简体   繁体   English

正则表达式匹配除特定给定字符串之外的任何内容(包括空字符串)

[英]Regex to match anything (including the empty string) except a specific given string

I'd like to test whether a string contains "Kansas" followed by anything other than " State" . 我想测试一个字符串是否包含"Kansas"其后是" State"以外的任何内容。

Examples: 例子:

"I am from Kansas"          true
"Kansas State is great"     false
"Kansas is a state"         true
"Kansas Kansas State"       true
"Kansas State vs Kansas"    true
"I'm from Kansas State"     false
"KansasState"               true

For PCRE , I believe the answer is this: 对于PCRE ,我相信答案是这样的:

'Kansas(?! State)'

But Mysql's REGEXP doesn't seem to like that. 但Mysql的REGEXP似乎并不喜欢这样。
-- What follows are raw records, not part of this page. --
(* For $s>0$ define polynomials $P_m(u,v;s)$, $Q_m(u,v;s)$, $m\ge1$, by $P_1(u,v;s)=-2su$, $Q_1(u,v;s)=-2sv$ and $$P_{m+1}(u,v;s)=(u^2+v^2)\frac{\partial P_m}{\partial u}(u,v;s)-2(s+m)uP_m(u,v;s),$$ $$Q_{m+1}(u,v;s)=(u^2+v^2)\frac{\partial Q_m}{\partial v}(u,v;s)-2(s+m)vQ_m(u,v;s).$$ Then for all $(u,v)\in\mathbb{R}^2\setminus\{(0,0)\}$, all $s>0$ and all positive integers $m$, $P_m(u,v;s)=Q_m(v,u;s)$. *)

theory Defs
  imports "HOL-Analysis.Analysis"
begin

text \<open>P s m u v stands for P_m(u,v;s); partial derivatives are the ordinary
derivatives of the (polynomial, hence smooth) functions in one variable.
Index 0 is unused (set to 0); the paper's sequence starts at m = 1.\<close>

fun P :: "real \<Rightarrow> nat \<Rightarrow> real \<Rightarrow> real \<Rightarrow> real" where
  "P s 0 u v = 0"
| "P s (Suc 0) u v = - 2 * s * u"
| "P s (Suc (Suc m)) u v =
     (u^2 + v^2) * deriv (\<lambda>x. P s (Suc m) x v) u
     - 2 * (s + real (Suc m)) * u * P s (Suc m) u v"

fun Q :: "real \<Rightarrow> nat \<Rightarrow> real \<Rightarrow> real \<Rightarrow> real" where
  "Q s 0 u v = 0"
| "Q s (Suc 0) u v = - 2 * s * v"
| "Q s (Suc (Suc m)) u v =
     (u^2 + v^2) * deriv (\<lambda>y. Q s (Suc m) u y) v
     - 2 * (s + real (Suc m)) * v * Q s (Suc m) u v"

end

theory Submission
  imports Defs
begin

text \<open>The recursions for \<open>P\<close> and \<open>Q\<close> are mirror images of each other under
the swap \<open>(u, v) \<mapsto> (v, u)\<close>, and \<open>u\<^sup>2 + v\<^sup>2\<close> is invariant under it, so the two
sequences correspond term by term.\<close>

lemma P_eq_Q_swap: "P s m u v = Q s m v u"
proof (induction s m u v rule: P.induct)
  case (3 s m u v)
  then have "(\<lambda>x. P s (Suc m) x v) = (\<lambda>x. Q s (Suc m) v x)"
    by simp
  with 3 show ?case
    by (simp add: add.commute)
qed simp_all

theorem lemma5p5:
  fixes u v s :: real and m :: nat
  assumes "(u, v) \<noteq> (0, 0)" and "s > 0" and "m \<ge> 1"
  shows "P s m u v = Q s m v u"
  by (rule P_eq_Q_swap)

end
(* Every functional $\Lambda$-system algebra over a set $\mathcal{X}$ that has unique fixed points and whose function $\Gamma$ permits reordering is composition-order invariant.
   Context: Let $\Lambda,\mathcal{X}$ be sets. For finite disjoint $\mathcal{I},\mathcal{O}\subseteq\Lambda$ let $\mathfrak{S}_{\mathcal{I},\mathcal{O}}$ be a set of functions $s:\mathcal{X}^{\mathcal{I}}\to\mathcal{X}^{\mathcal{O}}$ ($\mathcal{X}^{\mathcal{I}}$ = functions $\mathcal{I}\to\mathcal{X}$) and $\mathfrak{S}$ their union. For $s\in\mathfrak{S}_{\mathcal{I},\mathcal{O}}$, $i\in\mathcal{I}$, $o\in\mathcal{O}$, $\mathbf{x}\in\mathcal{X}^{\mathcal{I}\setminus\{i\}}$ let $\mathrm{Fix}(s,i,o,\mathbf{x}):=\{x_i\in\mathcal{X}\mid s(\mathbf{x}\cup\{(i,x_i)\})(o)=x_i\}$. Let $\Gamma$ assign to each $s\in\mathfrak{S}_{\mathcal{I},\mathcal{O}}$ a set of unordered pairs $\{i,o\}$, $i\in\mathcal{I}$, $o\in\mathcal{O}$, with $\mathrm{Fix}(s,i,o,\mathbf{x})\neq\emptyset$ for all $\mathbf{x}$, and let $\phi^s_{i,o}:\mathcal{X}^{\mathcal{I}\setminus\{i\}}\to\mathcal{X}$ satisfy $\phi^s_{i,o}(\mathbf{x})\in\mathrm{Fix}(s,i,o,\mathbf{x})$. Define $\lambda(s)=\mathcal{I}\cup\mathcal{O}$; $s_1\parallel s_2$ (for $s_j\in\mathfrak{S}_{\mathcal{I}_j,\mathcal{O}_j}$, all four index sets pairwise disjoint) by $(s_1\parallel s_2)(\mathbf{x})(o_j)=s_j(\mathbf{x}|_{\mathcal{I}_j})(o_j)$; and $\gamma_{i,o}(s)(\mathbf{x})=s(\mathbf{x}\cup\{(i,\phi^s_{i,o}(\mathbf{x}))\})|_{\mathcal{O}\setminus\{o\}}$ for $\{i,o\}\in\Gamma(s)$. If $\mathfrak{S}$ is closed under $\parallel,\gamma$ and $\{i,o\}\in\Gamma(s_1\parallel s_2)\iff\{i,o\}\in\Gamma(s_j)$ for $i,o\in\lambda(s_j)$, then $(\mathfrak{S},\lambda,\parallel,\Gamma,\gamma)$ is a functional $\Lambda$-system algebra over $\mathcal{X}$. It has unique fixed points if $|\mathrm{Fix}(s,i,o,\mathbf{x})|=1$ for all $s$, $\{i,o\}\in\Gamma(s)$, $\mathbf{x}$. $\Gamma$ permits reordering if for all $s$, $\{i,o\}\in\Gamma(s)$, $\{i',o'\}\in\Gamma(\gamma_{i,o}(s))$ we have $\{i',o'\}\in\Gamma(s)$ and $\{i,o\}\in\Gamma(\gamma_{i',o'}(s))$. The algebra is composition-order invariant if (i) $\Gamma$ permits reordering and $\gamma_{i',o'}(\gamma_{i,o}(s))=\gamma_{i,o}(\gamma_{i',o'}(s))$ in the situation just described, (ii) $\parallel$ is associative and commutative, and (iii) $\gamma_{i,o}(s_1)\parallel s_2=\gamma_{i,o}(s_1\parallel s_2)$ whenever $\lambda(s_1)\cap\lambda(s_2)=\emptyset$ and $\{i,o\}\in\Gamma(s_1)$. *)

theory Defs
  imports Main
begin

text \<open>An element of X^I is represented as a partial map with domain
  exactly I; the function is required to be extensional (returns the empty
  map outside X^I), so that HOL equality is equality of functions X^I \<rightarrow> X^O.\<close>

record ('l, 'x) sys =
  ins  :: "'l set"
  outs :: "'l set"
  fn   :: "('l \<rightharpoonup> 'x) \<Rightarrow> ('l \<rightharpoonup> 'x)"

definition valid_sys :: "('l, 'x) sys \<Rightarrow> bool" where
  "valid_sys s \<longleftrightarrow> finite (ins s) \<and> finite (outs s) \<and> ins s \<inter> outs s = {} \<and>
     (\<forall>x. dom x = ins s \<longrightarrow> dom (fn s x) = outs s) \<and>
     (\<forall>x. dom x \<noteq> ins s \<longrightarrow> fn s x = Map.empty)"

definition lab :: "('l, 'x) sys \<Rightarrow> 'l set" where
  "lab s = ins s \<union> outs s"

definition Fix :: "('l, 'x) sys \<Rightarrow> 'l \<Rightarrow> 'l \<Rightarrow> ('l \<rightharpoonup> 'x) \<Rightarrow> 'x set" where
  "Fix s i ou x = {xi. fn s (x(i \<mapsto> xi)) ou = Some xi}"

definition par :: "('l, 'x) sys \<Rightarrow> ('l, 'x) sys \<Rightarrow> ('l, 'x) sys" where
  "par s1 s2 = \<lparr> ins = ins s1 \<union> ins s2, outs = outs s1 \<union> outs s2,
     fn = (\<lambda>x. if dom x = ins s1 \<union> ins s2
               then fn s1 (x |` ins s1) ++ fn s2 (x |` ins s2) else Map.empty) \<rparr>"

text \<open>phi s i ou x is the chosen fixed point \<open>\<phi>^s_{i,ou}(x)\<close>.\<close>
definition gam :: "(('l, 'x) sys \<Rightarrow> 'l \<Rightarrow> 'l \<Rightarrow> ('l \<rightharpoonup> 'x) \<Rightarrow> 'x)
    \<Rightarrow> ('l, 'x) sys \<Rightarrow> 'l \<Rightarrow> 'l \<Rightarrow> ('l, 'x) sys" where
  "gam phi s i ou = \<lparr> ins = ins s - {i}, outs = outs s - {ou},
     fn = (\<lambda>x. if dom x = ins s - {i}
               then fn s (x(i \<mapsto> phi s i ou x)) |` (outs s - {ou}) else Map.empty) \<rparr>"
ADDENDUM: Thanks to David M for generalizing this question: How to convert a PCRE to a POSIX RE? 附录:感谢David M推广这个问题: 如何将PCRE转换为POSIX RE?

MySQL doesn't have lookaheads. MySQL没有前瞻性。 A workaround is to make two tests: 解决方法是进行两项测试:

WHERE yourcolumn LIKE '%Kansas%'
  AND yourcolumn NOT LIKE '%Kansas State%'

I used LIKE here instead of RLIKE because once you split it up like this, regular expressions are no longer required. 我在这里使用了LIKE而不是RLIKE因为一旦你将它拆分成这样,就不再需要正则表达式了。 However if you still need regular expressions for other reasons you can still use this same technique. 但是,如果由于其他原因仍然需要正则表达式,您仍然可以使用相同的技术。

Note that this does not match 'Kansas Kansas State' as you requested. 请注意,这与您要求的“堪萨斯州堪萨斯州”不符。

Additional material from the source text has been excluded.